Return all the lines below in which the string "auto" appears.

- _Entries shown_
══════════════════════════════
(* Every generic quadrangle $P$ in $\mathbb{R}^3$ is regular. Moreover, for every support system $u_1,u_2,u_3,u_4$ of $P$, the derived quadrangle $P'=B_1B_2B_3B_4$ is a plane quadrangle (its four vertices are coplanar) with oriented area $0$; in particular it is self-intersecting.
   Context: For a closed polygon $P=A_1\ldots A_n$ in $\mathbb{R}^3$ put $v_1=\overline{A_1A_2},\ldots,v_n=\overline{A_nA_1}$, indices cyclic mod $n$. $P$ is generic if any two consecutive $v_i,v_{i+1}$ are not collinear and any three consecutive $v_i,v_{i+1},v_{i+2}$ are not coplanar. A support system of $P$ is a tuple $u_1,\ldots,u_n$ with $[u_i,u_{i+1}]=v_{i+1}$ for all $i$ (cyclically; $[\cdot,\cdot]$ is the cross product). A generic polygon is regular if it has a support system. Given a support system, fix an origin $O$ and let $B_i$ be the point with $\overline{OB_i}=u_i$; the polygon $P'=B_1\ldots B_n$ (edge vectors $u_2-u_1,\ldots,u_1-u_n$) is called the derived polygon (a derivative) of $P$. A closed polygon $B_1\ldots B_n$ has oriented area $0$ if $\sum_{i=1}^n[\overline{OB_i},\overline{OB_{i+1}}]=0$ (a quantity independent of $O$); for a plane polygon this means its signed area in its plane is zero. *)

theory Defs
  imports "HOL-Analysis.Analysis"
begin

text \<open>A closed polygon with n vertices A 0, ..., A (n-1) (0-indexed, paper's A_1..A_n),
  indices cyclic mod n.  Edge vector v_i = A_{i+1} - A_i.\<close>

definition edge :: "nat \<Rightarrow> (nat \<Rightarrow> real^3) \<Rightarrow> nat \<Rightarrow> real^3" where
  "edge n A i = A (Suc i mod n) - A (i mod n)"

definition generic_polygon :: "nat \<Rightarrow> (nat \<Rightarrow> real^3) \<Rightarrow> bool" where
  "generic_polygon n A \<longleftrightarrow>
     (\<forall>i<n. \<not> collinear {0, edge n A i, edge n A (Suc i mod n)} \<and>
            \<not> coplanar {0, edge n A i, edge n A (Suc i mod n), edge n A (Suc (Suc i) mod n)})"

definition support_system :: "nat \<Rightarrow> (nat \<Rightarrow> real^3) \<Rightarrow> (nat \<Rightarrow> real^3) \<Rightarrow> bool" where
  "support_system n A u \<longleftrightarrow>
     (\<forall>i<n. cross3 (u i) (u (Suc i mod n)) = edge n A (Suc i mod n))"

definition regular_polygon :: "nat \<Rightarrow> (nat \<Rightarrow> real^3) \<Rightarrow> bool" where
  "regular_polygon n A \<longleftrightarrow> generic_polygon n A \<and> (\<exists>u. support_system n A u)"

definition oriented_area_zero :: "nat \<Rightarrow> (nat \<Rightarrow> real^3) \<Rightarrow> bool" where
  "oriented_area_zero n B \<longleftrightarrow>
     (\<forall>Z. (\<Sum>i<n. cross3 (B i - Z) (B (Suc i mod n) - Z)) = 0)"

definition self_intersecting_quad :: "(nat \<Rightarrow> real^3) \<Rightarrow> bool" where
  "self_intersecting_quad B \<longleftrightarrow>
     closed_segment (B 0) (B 1) \<inter> closed_segment (B 2) (B 3) \<noteq> {} \<or>
     closed_segment (B 1) (B 2) \<inter> closed_segment (B 3) (B 0) \<noteq> {}"

end

theory Submission
  imports Defs
begin

unbundle cross3_syntax

text \<open>
  A support vector \<open>u\<^sub>i\<close> is orthogonal to \<open>v\<^sub>i\<close> and \<open>v\<^sub>i\<^sub>+\<^sub>1\<close>, hence
  \<open>u\<^sub>i = t\<^sub>i (v\<^sub>i \<times> v\<^sub>i\<^sub>+\<^sub>1)\<close>. Since the edges of a quadrangle sum to zero, the triple
  products \<open>det(v\<^sub>i, v\<^sub>i\<^sub>+\<^sub>1, v\<^sub>i\<^sub>+\<^sub>2)\<close> are \<open>D, -D, D, -D\<close> with \<open>D \<noteq> 0\<close> by genericity, and
  the identity \<open>(a \<times> b) \<times> (b \<times> c) = det(a, b, c) b\<close> turns the support equations into
  \<open>t\<^sub>i t\<^sub>i\<^sub>+\<^sub>1 (\<plusminus>D) = 1\<close>. These have solutions, and every solution has
  \<open>t\<^sub>2 = -t\<^sub>0\<close>, \<open>t\<^sub>3 = -t\<^sub>1\<close>. Together with
  \<open>v\<^sub>0 \<times> v\<^sub>1 + v\<^sub>2 \<times> v\<^sub>3 = v\<^sub>1 \<times> v\<^sub>2 + v\<^sub>3 \<times> v\<^sub>0\<close> this makes the diagonals
  \<open>u\<^sub>1 - u\<^sub>3\<close> and \<open>u\<^sub>0 - u\<^sub>2\<close> of the derived quadrangle parallel, so it is plane and two
  opposite sides cross. Its oriented area is \<open>\<Sum> u\<^sub>i \<times> u\<^sub>i\<^sub>+\<^sub>1 = \<Sum> v\<^sub>i = 0\<close>.
\<close>

lemma cross_cross_shared:
  fixes a b c :: "real^3"
  shows "(a \<times> b) \<times> (b \<times> c) = (a \<bullet> (b \<times> c)) *\<^sub>R b"
  by (simp add: cross3_simps forall_3)

lemma cross_frame_decomposition:
  fixes a b c :: "real^3"
  shows "((a \<times> b) \<bullet> (a \<times> b)) *\<^sub>R c =
    ((c \<bullet> a) * (b \<bullet> b) - (c \<bullet> b) * (a \<bullet> b)) *\<^sub>R a +
    ((c \<bullet> b) * (a \<bullet> a) - (c \<bullet> a) * (a \<bullet> b)) *\<^sub>R b + (c \<bullet> (a \<times> b)) *\<^sub>R (a \<times> b)"
  by (simp add: cross3_simps forall_3)

lemma orthogonal_cross_imp_coplanar:
  fixes a b c :: "real^3"
  assumes "a \<times> b \<noteq> 0" "c \<bullet> (a \<times> b) = 0"
  shows "coplanar {0, a, b, c}"
proof -
  define G where "G = (a \<times> b) \<bullet> (a \<times> b)"
  define \<alpha> where "\<alpha> = ((c \<bullet> a) * (b \<bullet> b) - (c \<bullet> b) * (a \<bullet> b)) / G"
  define \<beta> where "\<beta> = ((c \<bullet> b) * (a \<bullet> a) - (c \<bullet> a) * (a \<bullet> b)) / G"
  have "G \<noteq> 0"
    using assms(1) by (simp add: G_def)
  then have "G *\<^sub>R c = G *\<^sub>R (\<alpha> *\<^sub>R a + \<beta> *\<^sub>R b)"
    using cross_frame_decomposition[of a b c] assms(2)
    by (simp add: G_def \<alpha>_def \<beta>_def scaleR_add_right)
  with \<open>G \<noteq> 0\<close> have c: "c = \<alpha> *\<^sub>R a + \<beta> *\<^sub>R b"
    by simp
  have "c \<in> affine hull {0, a, b}"
    unfolding affine_hull_3
    by (intro CollectI exI[of _ "1 - \<alpha> - \<beta>"] exI[of _ \<alpha>] exI[of _ \<beta>]) (simp add: c)
  then have "{0, a, b, c} \<subseteq> affine hull {0, a, b}"
    by (simp add: hull_inc)
  then show ?thesis
    unfolding coplanar_def by blast
qed

lemma orthogonal_imp_parallel_cross:
  fixes a b u :: "real^3"
  assumes "a \<times> b \<noteq> 0" "u \<bullet> a = 0" "u \<bullet> b = 0"
  shows "\<exists>t. u = t *\<^sub>R (a \<times> b)"
proof -
  define G where "G = (a \<times> b) \<bullet> (a \<times> b)"
  have "G \<noteq> 0"
    using assms(1) by (simp add: G_def)
  have "G *\<^sub>R u = (u \<bullet> (a \<times> b)) *\<^sub>R (a \<times> b)"
    using cross_frame_decomposition[of a b u] assms(2,3) by (simp add: G_def)
  then have "u = (1 / G) *\<^sub>R ((u \<bullet> (a \<times> b)) *\<^sub>R (a \<times> b))"
    using \<open>G \<noteq> 0\<close> by (metis scaleR_scaleR divide_self_if times_divide_eq_left mult_1 scaleR_one)
  then show ?thesis
    by auto
qed

lemma scaled_cross_cross_eq_self:
  fixes a b c :: "real^3"
  assumes "(s *\<^sub>R (a \<times> b)) \<times> (t *\<^sub>R (b \<times> c)) = b" "b \<noteq> 0"
  shows "s * t * (a \<bullet> (b \<times> c)) = 1"
proof -
  have "(s * t * (a \<bullet> (b \<times> c))) *\<^sub>R b = 1 *\<^sub>R b"
    using assms(1) by (simp add: cross_mult_left cross_mult_right cross_cross_shared mult_ac)
  with assms(2) show ?thesis
    using scaleR_cancel_right by blast
qed

lemma closed_segments_meet:
  fixes x y z w :: "'a::real_vector"
  assumes "k \<ge> 0" "x + k *\<^sub>R y = z + k *\<^sub>R w"
  shows "closed_segment x y \<inter> closed_segment z w \<noteq> {}"
proof -
  have \<theta>: "0 \<le> k / (1 + k)" "k / (1 + k) \<le> 1" "1 - k / (1 + k) = 1 / (1 + k)"
    using assms(1) by (auto simp: field_simps)
  have "(1 - k / (1 + k)) *\<^sub>R x + (k / (1 + k)) *\<^sub>R y = (1 / (1 + k)) *\<^sub>R (x + k *\<^sub>R y)"
    by (simp add: \<theta>(3) scaleR_add_right)
  also have "\<dots> = (1 - k / (1 + k)) *\<^sub>R z + (k / (1 + k)) *\<^sub>R w"
    by (simp add: assms(2) \<theta>(3) scaleR_add_right)
  finally show ?thesis
    using \<theta>(1,2) unfolding closed_segment_def by blast
qed

lemma parallel_diagonals_coplanar:
  fixes p :: "nat \<Rightarrow> 'a::real_vector"
  assumes "p 1 - p 3 = k *\<^sub>R (p 0 - p 2)"
  shows "coplanar {p 0, p 1, p 2, p 3}"
proof -
  have p3: "p 3 = (- k) *\<^sub>R p 0 + p 1 + k *\<^sub>R p 2"
    using assms by (simp add: algebra_simps)
  have "p 3 \<in> affine hull {p 0, p 1, p 2}"
    unfolding affine_hull_3
    by (intro CollectI exI[of _ "- k"] exI[of _ 1] exI[of _ k]) (simp add: p3)
  then have "{p 0, p 1, p 2, p 3} \<subseteq> affine hull {p 0, p 1, p 2}"
    by (simp add: hull_inc)
  then show ?thesis
    unfolding coplanar_def by blast
qed

lemma parallel_diagonals_self_intersecting:
  fixes p :: "nat \<Rightarrow> real^3"
  assumes "p 1 - p 3 = k *\<^sub>R (p 0 - p 2)"
  shows "self_intersecting_quad p"
proof (cases "k \<ge> 0")
  case True
  have "p 1 + k *\<^sub>R p 2 = p 3 + k *\<^sub>R p 0"
    using assms by (simp add: algebra_simps)
  then have "closed_segment (p 1) (p 2) \<inter> closed_segment (p 3) (p 0) \<noteq> {}"
    using True closed_segments_meet by blast
  then show ?thesis
    by (simp add: self_intersecting_quad_def)
next
  case False
  have "p 1 + (- k) *\<^sub>R p 0 = p 3 + (- k) *\<^sub>R p 2"
    using assms by (simp add: algebra_simps)
  then have "closed_segment (p 1) (p 0) \<inter> closed_segment (p 3) (p 2) \<noteq> {}"
    using False closed_segments_meet[of "- k"] by auto
  then show ?thesis
    by (simp add: self_intersecting_quad_def closed_segment_commute)
qed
══════════════════════════════
- _Answer area_
    by auto
    using assms(1) by (auto simp: field_simps)
    using False closed_segments_meet[of "- k"] by auto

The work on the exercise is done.